Şarku’l Avsat’ın Independent Arabia kaynaklı haberine göre, Hulv, “Ülkenin doğusunda tırmanan olaylar son derece endişe verici ve tehlikelidir. Birleşmiş Milletler (BM) misyonunun Port Sudan’a gelişinin tehlikeli bir gelişmeyi temsil ettiği açıktır. Özellikle geçiş aşamasını tehdit eden birçok uluslararası temsilcinin şu anda Hartum’da bulunması, birkaç uluslararası müdahalenin başlangıcı olabilir. Bu nedenle tüm taraflar arasındaki medya atışmasının durdurulması ve ulusal gündeme yönelmek kaydıyla, bu krizden çıkış yolu olarak çatışan gruplar arasında bir diyalogun benimsenmesi çağrısında bulunuyoruz. Ulusal gündem, demokratik dönüşüme, adil barışa, özgür ve adil seçimlere ulaşmak askeri ve sivil unsurlar arasındaki güveni yeniden tesis etmeye çalışmaktır” ifadelerini kullandı.

Bilgelik ve deneyim
İmam el-Hulv, geçiş hükümetini doğudaki protestocularla aynı masaya oturmaya çağırırken, böylece özellikle meşru oldukları için talep konusunda uzlaşı sağlayabileceklerini dile getirdi. Yetkili, akılcı yönelimin ve ‘birliği ve inşası için’ vatanın çıkarlarını ileriye taşımanın, geçiş sürecini sorunsuz bir şekilde sona ulaştıracağını vurguladı.
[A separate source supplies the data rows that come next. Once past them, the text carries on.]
lemma bbox_local_coords_abs_le:
  assumes "p \<in> bbox S"
  shows "\<bar>fst (local_coords S p)\<bar> \<le> bwidth S / 2" "\<bar>snd (local_coords S p)\<bar> \<le> bheight S / 2"
  using assms unfolding bbox_def local_coords_def bcenter_def bwidth_def bheight_def abs_le_iff
  by (simp_all add: field_simps)

lemma square_symsE:
  assumes "g \<in> square_syms"
  obtains a b where "a \<in> {1, -1::real}" "b \<in> {1, -1::real}" "g = (\<lambda>(x, y). (a * x, b * y))"
  | a b where "a \<in> {1, -1::real}" "b \<in> {1, -1::real}" "g = (\<lambda>(x, y). (a * y, b * x))"
  using assms unfolding square_syms_def by blast

lemma square_sym_l1:
  assumes "g \<in> square_syms"
  shows "l1 (g u) (g v) = l1 u v"
proof -
  have sign: "\<bar>c * r - c * s\<bar> = \<bar>r - s\<bar>" if "c \<in> {1, -1::real}" for c r s
    using that by auto
  from assms show ?thesis
    by (cases rule: square_symsE) (auto simp: l1_def sign split: prod.splits)
qed

lemma square_sym_surj:
  assumes "g \<in> square_syms"
  shows "surj g"
proof -
  have "\<exists>v. g v = w" for w
    using assms
  proof (cases rule: square_symsE)
    case (1 a b)
    then show ?thesis by (intro exI[of _ "(a * fst w, b * snd w)"]) auto
  next
    case (2 a b)
    then show ?thesis by (intro exI[of _ "(b * snd w, a * fst w)"]) auto
  qed
  then show ?thesis by (metis surjI)
qed

lemma square_sym_abs_coords:
  assumes "g \<in> square_syms"
  shows "(\<bar>fst (g u)\<bar> = \<bar>fst u\<bar> \<and> \<bar>snd (g u)\<bar> = \<bar>snd u\<bar>) \<or>
         (\<bar>fst (g u)\<bar> = \<bar>snd u\<bar> \<and> \<bar>snd (g u)\<bar> = \<bar>fst u\<bar>)"
  using assms by (cases rule: square_symsE) (auto simp: abs_mult split: prod.splits)

lemma l1_conn_point:
  assumes "g \<in> square_syms"
  shows "l1 q (conn_point \<beta> g S) =
    l1 (g (local_coords S q)) (t_conn \<beta> g S, t_conn \<beta> g S)"
proof -
  define w where "w = (t_conn \<beta> g S, t_conn \<beta> g S)"
  have "l1 q (conn_point \<beta> g S) = l1 (local_coords S q) (inv g w)"
    by (simp add: conn_point_def local_coords_def l1_def w_def algebra_simps)
  also have "\<dots> = l1 (g (local_coords S q)) (g (inv g w))"
    using square_sym_l1[OF assms] by simp
  also have "g (inv g w) = w"
    using square_sym_surj[OF assms] by (simp add: surj_f_inv_f)
  finally show ?thesis unfolding w_def .
qed

lemma Max_Min_sign_affine:
  fixes A :: "real set"
  assumes "finite A" "A \<noteq> {}" "b \<in> {1, -1}"
  shows "Max ((\<lambda>v. b * v + c) ` A) + Min ((\<lambda>v. b * v + c) ` A) = b * (Max A + Min A) + 2 * c"
proof (cases "b = 1")
  case True
  then show ?thesis
    using Max_add_commute[OF assms(1,2), of id c] Min_add_commute[OF assms(1,2), of id c] by simp
next
  case False
  with assms(3) have "b = -1" by simp
  moreover have "Max ((\<lambda>v. - v + c) ` A) = - Min A + c" "Min ((\<lambda>v. - v + c) ` A) = - Max A + c"
    using Max_add_commute[OF assms(1,2), of uminus c] Min_add_commute[OF assms(1,2), of uminus c]
      assms(1,2) by simp_all
  ultimately show ?thesis by simp
qed

lemma normalized_set_ymax_ymin:
  assumes S: "finite S" "S \<noteq> {}" and g: "g \<in> square_syms"
  shows "ymax (normalized_set g S) + ymin (normalized_set g S) = 0"
proof -
  obtain f :: "point \<Rightarrow> real" and b where b: "b \<in> {1, -1}" and
    f: "\<And>p. snd (g (local_coords S p)) = b * f p + - b * ((Min (f ` S) + Max (f ` S)) / 2)"
    using g
  proof (cases rule: square_symsE)
    case (1 a b)
    then show ?thesis
      by (intro that[of b snd])
        (auto simp: local_coords_def bcenter_def ymin_def ymax_def field_simps split: prod.splits)
  next
    case (2 a b)
    then show ?thesis
      by (intro that[of b fst])
        (auto simp: local_coords_def bcenter_def xmin_def xmax_def field_simps split: prod.splits)
  qed
  define c where "c = - b * ((Min (f ` S) + Max (f ` S)) / 2)"
  have "snd ` normalized_set g S = (\<lambda>v. b * v + c) ` f ` S"
    unfolding normalized_set_def c_def by (auto simp: image_image f)
  then have "ymax (normalized_set g S) + ymin (normalized_set g S) =
      b * (Max (f ` S) + Min (f ` S)) + 2 * c"
    unfolding ymax_def ymin_def using Max_Min_sign_affine S b by simp
  then show ?thesis by (simp add: c_def)
qed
Hulv, “Elbette bir iç çatışma veya darbe olmasını ummuyoruz. Tüm bu şüpheli ve rahatsız edici senaryolar, ilkesel olarak reddedilmektedir. Ama işler eğer bu şekilde devam ederse, durumun ne olacağını bilemeyiz. Bu, kuşkusuz geçiş dönemini sabote etmeye ve başarısızlığa uğratmaya çalışan güçlere kapı açar. Aynı zamanda ülke çıkarlarıyla çelişen ve kendi gündemi olan dış müdahaleye de kapı aralar” değerlendirmesinde bulundu. 
Hulv ayrıca, “Özellikle tüm taraflarca kabul edilebilir öneriler ve çözümler sunması gereken büyük partiler olmak üzere Sudan halkının ve hükümetinin, bu krizi ‘dışlamadan ve nefretten uzak bir şekilde tüm etnik, siyasi ve kültürel bileşenleriyle milletin bütünlüğünü ve bekasını koruyarak’ bilgelik ve deneyimle aşacağını umuyoruz” dedi.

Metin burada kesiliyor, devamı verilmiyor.